Kerem Shalom's operations manager says his main aim is getting humanitarian aid to Palestinians in Gaza. However, he always gives priority to security, "If there is any danger for people, I will close the crossing immediately." He describes how his operation is hemmed in. On one side, by problems getting his Palestinian workers to work on time, "Hamas is controlling everything, they hold up the workers coming from Gaza." On the other hand he is ordered to manage up to 150 trucks a day although he says he could handle 400 or 500. "It depends on the policy." Since June 2007, the Israeli government policy is that nothing other than humanitarian aid goes into Gaza.
A truck drives away from unloading area B with several pallets still on board. Tell-tale X shaped cuts in the packaging have revealed cosmetics instead of hygiene supplies. Rejected as not humanitarian in nature. On the ground in area B are lines of pallets loaded with goods that have passed the inspection. They have been offloaded from the Israeli trucks. Now they wait here for area B to be sealed and the shuttle to take them on the next stage of their journey. On the other side of the concrete screen the shuttle is at work in area A. Kerem Shalom works its pair of unloading areas in sequence. One is filled while the other empties. We troop off to the manager's office to see the next stages of the operation projected onto his wall.
Our host toggles the control of a remote camera to zoom in on a shuttle of sterile trucks. We look down on the empty lorries as they return from the Palestinian loading area just a hundred metres or so further in towards the Gaza Strip. They trundle into area B to be loaded and return to the Palestinian side to be unloaded minutes later. All day long they shuttle. Every piece of humanitarian aid has been loaded onto a pallet, wrapped in plastic and labelled before it began its long journey to Kerem Shalom. It has been unloaded from one truck onto the ground. It has been loaded onto the shuttle truck and unloaded again. Towards the end of the day it will be picked up a third time to be loaded finally onto a Palestinian truck to be taken into Gaza.
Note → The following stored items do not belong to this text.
(* $E^{ce}_{\max}$ is not binarily reducible to $E^{ce}_{\min}$ (i.e. $E^{ce}_{\max}\not\leq_c^2E^{ce}_{\min}$). However, $E^{ce}_{\min}$ is finitarily reducible to $E^{ce}_{\max}$ (i.e. $E^{ce}_{\min}\leq_c^{<\omega}E^{ce}_{\max}$).
   Context: $W_e$ is the $e$-th c.e. set. $i\,E^{ce}_{\min}\,j\iff\min(W_i)=\min(W_j)$ and $i\,E^{ce}_{\max}\,j\iff\max(W_i)=\max(W_j)$, where the empty set has minimum $+\infty$ and maximum $-\infty$, and all infinite sets have maximum $+\infty$. For equivalence relations $E,F$ on $\omega$ and $n\ge1$, $E\leq_c^nF$ means there is a total computable function mapping each $(x_0,\dots,x_{n-1})\in\omega^n$ to $(y_0,\dots,y_{n-1})\in\omega^n$ with $x_i\,E\,x_j\iff y_i\,F\,y_j$ for all $i<j<n$; $E\leq_c^{<\omega}F$ means such functions exist uniformly in $n$ (one computable function taking $n$ and an $n$-tuple). *)

theory Defs
  imports Main "HOL-Library.Nat_Bijection" "HOL-Library.Extended_Real"
begin

text \<open>A concrete acceptable-style Goedel numbering of the unary partial recursive
functions (Kleene-style basis with Cantor pairing).  Index e is decoded by
e mod 8 (the kind of the function) and prod_decode (e div 8) (the sub-indices):
  0: constant zero, 1: successor, 2: first projection of a pair, 3: second projection,
  4: composition (a after b), 5: pairing x maps to (a x, b x),
  6: primitive recursion on the second pair component, 7: unbounded minimisation.
phi_rel e x y means that the e-th partial recursive function maps x to y.\<close>

inductive phi_rel :: "nat \<Rightarrow> nat \<Rightarrow> nat \<Rightarrow> bool" where
  pr_zero: "e mod 8 = 0 \<Longrightarrow> phi_rel e x 0"
| pr_succ: "e mod 8 = 1 \<Longrightarrow> phi_rel e x (Suc x)"
| pr_fst: "e mod 8 = 2 \<Longrightarrow> phi_rel e x (fst (prod_decode x))"
| pr_snd: "e mod 8 = 3 \<Longrightarrow> phi_rel e x (snd (prod_decode x))"
| pr_comp: "e mod 8 = 4 \<Longrightarrow> prod_decode (e div 8) = (a, b) \<Longrightarrow>
            phi_rel b x y \<Longrightarrow> phi_rel a y z \<Longrightarrow> phi_rel e x z"
| pr_pair: "e mod 8 = 5 \<Longrightarrow> prod_decode (e div 8) = (a, b) \<Longrightarrow>
            phi_rel a x y \<Longrightarrow> phi_rel b x z \<Longrightarrow> phi_rel e x (prod_encode (y, z))"
| pr_rec0: "e mod 8 = 6 \<Longrightarrow> prod_decode (e div 8) = (a, b) \<Longrightarrow>
            prod_decode x = (u, 0) \<Longrightarrow> phi_rel a u y \<Longrightarrow> phi_rel e x y"
| pr_recS: "e mod 8 = 6 \<Longrightarrow> prod_decode (e div 8) = (a, b) \<Longrightarrow>
            prod_decode x = (u, Suc n) \<Longrightarrow> phi_rel e (prod_encode (u, n)) w \<Longrightarrow>
            phi_rel b (prod_encode (u, prod_encode (n, w))) y \<Longrightarrow> phi_rel e x y"
| pr_mu: "e mod 8 = 7 \<Longrightarrow> phi_rel (e div 8) (prod_encode (x, n)) 0 \<Longrightarrow>
          (\<forall>m<n. \<exists>k. phi_rel (e div 8) (prod_encode (x, m)) (Suc k)) \<Longrightarrow> phi_rel e x n"

definition W :: "nat \<Rightarrow> nat set" where
  "W e = {x. \<exists>y. phi_rel e x y}"

definition minW :: "nat \<Rightarrow> ereal" where
  "minW e = (if W e = {} then \<infinity> else ereal (real (Inf (W e))))"

definition maxW :: "nat \<Rightarrow> ereal" where
  "maxW e = (if W e = {} then -\<infinity> else if infinite (W e) then \<infinity>
             else ereal (real (Max (W e))))"

definition E_min :: "nat \<Rightarrow> nat \<Rightarrow> bool" where
  "E_min i j \<longleftrightarrow> minW i = minW j"

definition E_max :: "nat \<Rightarrow> nat \<Rightarrow> bool" where
  "E_max i j \<longleftrightarrow> maxW i = maxW j"

definition reduces_n :: "nat \<Rightarrow> (nat \<Rightarrow> nat \<Rightarrow> bool) \<Rightarrow> (nat \<Rightarrow> nat \<Rightarrow> bool) \<Rightarrow> bool" where
  "reduces_n n E F \<longleftrightarrow> (\<exists>f :: nat list \<Rightarrow> nat list.
     (\<exists>e. \<forall>xs. length xs = n \<longrightarrow> phi_rel e (list_encode xs) (list_encode (f xs))) \<and>
     (\<forall>xs. length xs = n \<longrightarrow> length (f xs) = n \<and>
        (\<forall>i j. i < j \<and> j < n \<longrightarrow> (E (xs ! i) (xs ! j) \<longleftrightarrow> F (f xs ! i) (f xs ! j)))))"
The manager's wall reveals one further feature of Kerem Shalom's armoury against smuggling and bombs. In a separate concrete-walled compound, whole truckloads of pallets can be x-rayed. Smuggling is a real concern. Its not just lipstick and aftershave. Spare truck tyres have been found packed with computer chips. A fake bomb was spotted just days before, "Israeli security put that in there to test us and we found it." Our host and his team are keeping one step ahead of the businessmen and the security services that are trying to catch them out.
One final question, "If I have a truck load of children's sports shoes, will they be allowed in?" I ask. The major will have to see, and if there is a problem he will ask his superiors he tells us. "So is there a list you will check?" The major seems weary, "The list, the list, you are always asking for a list." If there is one it seems we shall not be getting a copy. We shall continue to do our best. Each of us in our own sterile compartment. Shut off by concrete and policy from the others. Drip feeding a million and a half people suspended in dependency while we wait for the policy to change so that they can take care of themselves.